Copy the records. Keep every line exactly as it is.

--- RECORDS FOR THE EXERCISE Enclosed Below ---

lemma conditioned_pgf_bounded:
  "\<exists>B. \<forall>\<^sub>F n in sequentially. \<forall>J. (\<Sum>j<J. conditioned_law n j * (1 + \<delta>)^j) \<le> B"
proof -
  obtain C\<^sub>s N where C\<^sub>s: "0 < C\<^sub>s" "\<And>n. N \<le> n \<Longrightarrow> C\<^sub>s * m^n \<le> surv n"
    using surv_geometric_lower by blast
  obtain C\<^sub>e where C\<^sub>e: "\<And>n. excess n \<le> C\<^sub>e * m^n"
    using excess_geometric_upper by blast
  have ratio: "excess n / surv n \<le> C\<^sub>e / C\<^sub>s" if "N \<le> n" for n
  proof -
    have "excess n / surv n \<le> (C\<^sub>e * m^n) / (C\<^sub>s * m^n)"
      using excess_bounds(1)[of n] C\<^sub>e[of n] C\<^sub>s that m_pos by (intro frac_le) auto
    then show ?thesis
      using m_pos by simp
  qed
  have "(\<Sum>j<J. conditioned_law n j * (1 + \<delta>)^j) \<le> 1 + C\<^sub>e / C\<^sub>s" if "N \<le> n" for n J
    using conditioned_pgf_partial_sum_le[of n J] ratio[OF that] by linarith
  then show ?thesis
    unfolding eventually_sequentially by blast
qed

lemma conv_radius_yaglom_gt_1:
  assumes "yaglom_limit p g"
  shows "1 < conv_radius g"
proof -
  have g: "\<And>j. 0 \<le> g j" "g 0 = 0"
    "\<And>j. 1 \<le> j \<Longrightarrow> (\<lambda>n. gw_step p n 1 j / (1 - gw_step p n 1 0)) \<longlonglongrightarrow> g j"
    using assms by (auto simp: yaglom_limit_def prob_dist_def)
  have limit: "(\<lambda>n. conditioned_law n j * (1 + \<delta>)^j) \<longlonglongrightarrow> g j * (1 + \<delta>)^j" for j
  proof (cases "j = 0")
    case False
    then show ?thesis
      using tendsto_mult_right[OF g(3), of j "(1 + \<delta>)^j"] by (simp add: conditioned_law_def)
  qed (simp add: conditioned_law_def g(2))
  have nonneg: "0 \<le> g j * (1 + \<delta>)^j" for j
    using g(1) delta_pos by simp
  obtain B where "\<forall>\<^sub>F n in sequentially. \<forall>J. (\<Sum>j<J. conditioned_law n j * (1 + \<delta>)^j) \<le> B"
    using conditioned_pgf_bounded by blast
  from summable_of_bounded_approximants[OF limit nonneg this]
  have "norm (1 + \<delta>) \<le> conv_radius g"
    by (rule conv_radius_geI)
  then show ?thesis
    using delta_pos by (simp add: less_le_trans[of 1 "ereal (1 + \<delta>)"])
qed

end

theorem theorem2p3:
  fixes p g :: "nat \<Rightarrow> real"
  assumes "prob_dist p"
    and "0 < p 0 + p 1" and "p 0 + p 1 < 1"
    and "summable (\<lambda>j. real j * p j)"
    and "(\<Sum>j. real j * p j) < 1"
    and "yaglom_limit p g"
    and "conv_radius p > 1"
  shows "conv_radius g > 1"
proof -
  obtain r where r: "1 < ereal r" "ereal r < conv_radius p"
    using ereal_dense2[OF assms(7)] by blast
  then have "summable (\<lambda>j. p j * (1 + (r - 1))^j)"
    using summable_in_conv_radius[of r p] by simp
  moreover have "p 0 < 1"
    using assms(1,3) unfolding prob_dist_def by (metis add_increasing2 not_less)
  ultimately interpret subcritical_offspring_law p "\<Sum>j. real j * p j" "r - 1"
    using assms(1,4,5) r by unfold_locales (auto simp: summable_sums)
  show ?thesis
    using conv_radius_yaglom_gt_1[OF assms(6)] .
qed

end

--- End of Enclosed RECORDS FOR THE EXERCISE ---

SOLUTION TO THIS PROBLEM:
lemma conditioned_pgf_bounded:
  "\<exists>B. \<forall>\<^sub>F n in sequentially. \<forall>J. (\<Sum>j<J. conditioned_law n j * (1 + \<delta>)^j) \<le> B"
proof -
  obtain C\<^sub>s N where C\<^sub>s: "0 < C\<^sub>s" "\<And>n. N \<le> n \<Longrightarrow> C\<^sub>s * m^n \<le> surv n"
    using surv_geometric_lower by blast
  obtain C\<^sub>e where C\<^sub>e: "\<And>n. excess n \<le> C\<^sub>e * m^n"
    using excess_geometric_upper by blast
  have ratio: "excess n / surv n \<le> C\<^sub>e / C\<^sub>s" if "N \<le> n" for n
  proof -
    have "excess n / surv n \<le> (C\<^sub>e * m^n) / (C\<^sub>s * m^n)"
      using excess_bounds(1)[of n] C\<^sub>e[of n] C\<^sub>s that m_pos by (intro frac_le) auto
    then show ?thesis
      using m_pos by simp
  qed
  have "(\<Sum>j<J. conditioned_law n j * (1 + \<delta>)^j) \<le> 1 + C\<^sub>e / C\<^sub>s" if "N \<le> n" for n J
    using conditioned_pgf_partial_sum_le[of n J] ratio[OF that] by linarith
  then show ?thesis
    unfolding eventually_sequentially by blast
qed

lemma conv_radius_yaglom_gt_1:
  assumes "yaglom_limit p g"
  shows "1 < conv_radius g"
proof -
  have g: "\<And>j. 0 \<le> g j" "g 0 = 0"
    "\<And>j. 1 \<le> j \<Longrightarrow> (\<lambda>n. gw_step p n 1 j / (1 - gw_step p n 1 0)) \<longlonglongrightarrow> g j"
    using assms by (auto simp: yaglom_limit_def prob_dist_def)
  have limit: "(\<lambda>n. conditioned_law n j * (1 + \<delta>)^j) \<longlonglongrightarrow> g j * (1 + \<delta>)^j" for j
  proof (cases "j = 0")
    case False
    then show ?thesis
      using tendsto_mult_right[OF g(3), of j "(1 + \<delta>)^j"] by (simp add: conditioned_law_def)
  qed (simp add: conditioned_law_def g(2))
  have nonneg: "0 \<le> g j * (1 + \<delta>)^j" for j
    using g(1) delta_pos by simp
  obtain B where "\<forall>\<^sub>F n in sequentially. \<forall>J. (\<Sum>j<J. conditioned_law n j * (1 + \<delta>)^j) \<le> B"
    using conditioned_pgf_bounded by blast
  from summable_of_bounded_approximants[OF limit nonneg this]
  have "norm (1 + \<delta>) \<le> conv_radius g"
    by (rule conv_radius_geI)
  then show ?thesis
    using delta_pos by (simp add: less_le_trans[of 1 "ereal (1 + \<delta>)"])
qed

end

theorem theorem2p3:
  fixes p g :: "nat \<Rightarrow> real"
  assumes "prob_dist p"
    and "0 < p 0 + p 1" and "p 0 + p 1 < 1"
    and "summable (\<lambda>j. real j * p j)"
    and "(\<Sum>j. real j * p j) < 1"
    and "yaglom_limit p g"
    and "conv_radius p > 1"
  shows "conv_radius g > 1"
proof -
  obtain r where r: "1 < ereal r" "ereal r < conv_radius p"
    using ereal_dense2[OF assms(7)] by blast
  then have "summable (\<lambda>j. p j * (1 + (r - 1))^j)"
    using summable_in_conv_radius[of r p] by simp
  moreover have "p 0 < 1"
    using assms(1,3) unfolding prob_dist_def by (metis add_increasing2 not_less)
  ultimately interpret subcritical_offspring_law p "\<Sum>j. real j * p j" "r - 1"
    using assms(1,4,5) r by unfold_locales (auto simp: summable_sums)
  show ?thesis
    using conv_radius_yaglom_gt_1[OF assms(6)] .
qed

end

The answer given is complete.